For binary representations, each bit has a small probability (typically 1-5%) of being flipped from 0 to 1 or vice versa.

Gaussian

For real-valued genes, add a random value drawn from a Gaussian (normal) distribution with mean zero and a small standard deviation.

Formula: new gene=old gene+N(0,σ)\text{new gene} = \text{old gene} + \mathcal{N}( 0, \sigma )

Swap Mutation

For permutation problems, randomly select two positions and swap their values.

Insertion Mutation

Remove a gene from one position and insert it at another random position.

Advantages and Limitations

There are several advantages to genetic algorithms over other AI approaches, such as supervised learning. Firstly, no training data is required.
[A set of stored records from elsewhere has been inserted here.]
lemma abelian_summand_zero:
  assumes i: "i < length Ns" and abelian: "\<And>y z. y \<in> Ns ! i \<Longrightarrow> z \<in> Ns ! i \<Longrightarrow> n6_bracket y z = 0"
    and x: "x \<in> Ns ! i"
  shows "x = 0"
proof -
  have central: "fst y = 0 \<and> fst (snd y) = 0" if y: "y \<in> Ns ! i" for y
  proof -
    have "n6_bracket y v = 0" for v
    proof -
      obtain vs where vs: "decomposes vs v"
        by (rule decomposition_exists)
      with i y have "n6_bracket y v = n6_bracket y (vs ! i)"
        by (rule bracket_summand_component)
      also have "\<dots> = 0"
        using abelian y vs i by (simp add: decomposes_def)
      finally show ?thesis .
    qed
    then show ?thesis
      using n6_bracket_left_zero_iff by blast
  qed
  text \<open>The summand is central, but every central element is a bracket, whose component in
    the summand vanishes.\<close>
  define X :: n6 where "X = ((1, 0), 0, 0)"
  define Y :: n6 where "Y = (0, snd (snd x), 0)"
  have "n6_bracket X Y = x"
    using central[OF x] by (simp add: X_def Y_def n6_bracket_eq dmul_def prod_eq_iff)
  obtain ws where ws: "decomposes ws Y"
    by (rule decomposition_exists)
  have "x = n6_bracket X (ws ! i)"
    using bracket_in_summand_component[OF i _ ws] \<open>n6_bracket X Y = x\<close> x by simp
  also have "\<dots> = 0"
    using central[of "ws ! i"] ws i by (simp add: decomposes_def X_def n6_bracket_eq dmul_def zero_prod_def)
  finally show ?thesis .
qed

lemma summand_containing_center:
  assumes i: "i < length Ns" and center: "\<And>c. (0, 0, c) \<in> Ns ! i"
  shows "v \<in> Ns ! i"
proof -
  obtain vs where vs: "decomposes vs v"
    by (rule decomposition_exists)
  have "vs ! j = 0" if j: "j < length Ns" "j \<noteq> i" for j
  proof -
    have w: "vs ! j \<in> Ns ! j"
      using vs j(1) by (simp add: decomposes_def)
    have "n6_bracket (vs ! j) y = 0" for y
    proof (rule summand_inter_zero[OF j(1) i j(2)])
      show "n6_bracket (vs ! j) y \<in> Ns ! j"
        using j(1) w by (rule summand_bracket_left)
      show "n6_bracket (vs ! j) y \<in> Ns ! i"
        unfolding n6_bracket_eq by (rule center)
    qed
    then have "fst (vs ! j) = 0 \<and> fst (snd (vs ! j)) = 0"
      by (simp only: n6_bracket_left_zero_iff[symmetric]) blast
    then have "vs ! j = (0, 0, snd (snd (vs ! j)))"
      by (simp add: prod_eq_iff)
    also have "\<dots> \<in> Ns ! i"
      by (rule center)
    finally show ?thesis
      using summand_inter_zero[OF j(1) i j(2) w] by simp
  qed
  then have "sum_list vs = vs ! i"
    using vs i by (intro sum_list_eq_nth) (simp_all add: decomposes_def)
  moreover have "vs ! i \<in> Ns ! i" "v = sum_list vs"
    using vs i by (simp_all add: decomposes_def)
  ultimately show ?thesis
    by simp
qed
If we can construct a fitness function and encode the problem effectively, then we can run a Genetic Algorithm search over the solution space. It can also handle discrete, continuous and mixed variable types. Since each solution is evaluated independently, it is highly parallelisable, allowing cores to be allocated to evaluate one or a subset of the solutions. It is also robust to noise in the fitness function and can typically escape local optima.

On the other hand, there's no guarantee of finding a global optimum; typically, many parameters need to be tuned, which can be computationally expensive and can easily lead to premature convergence.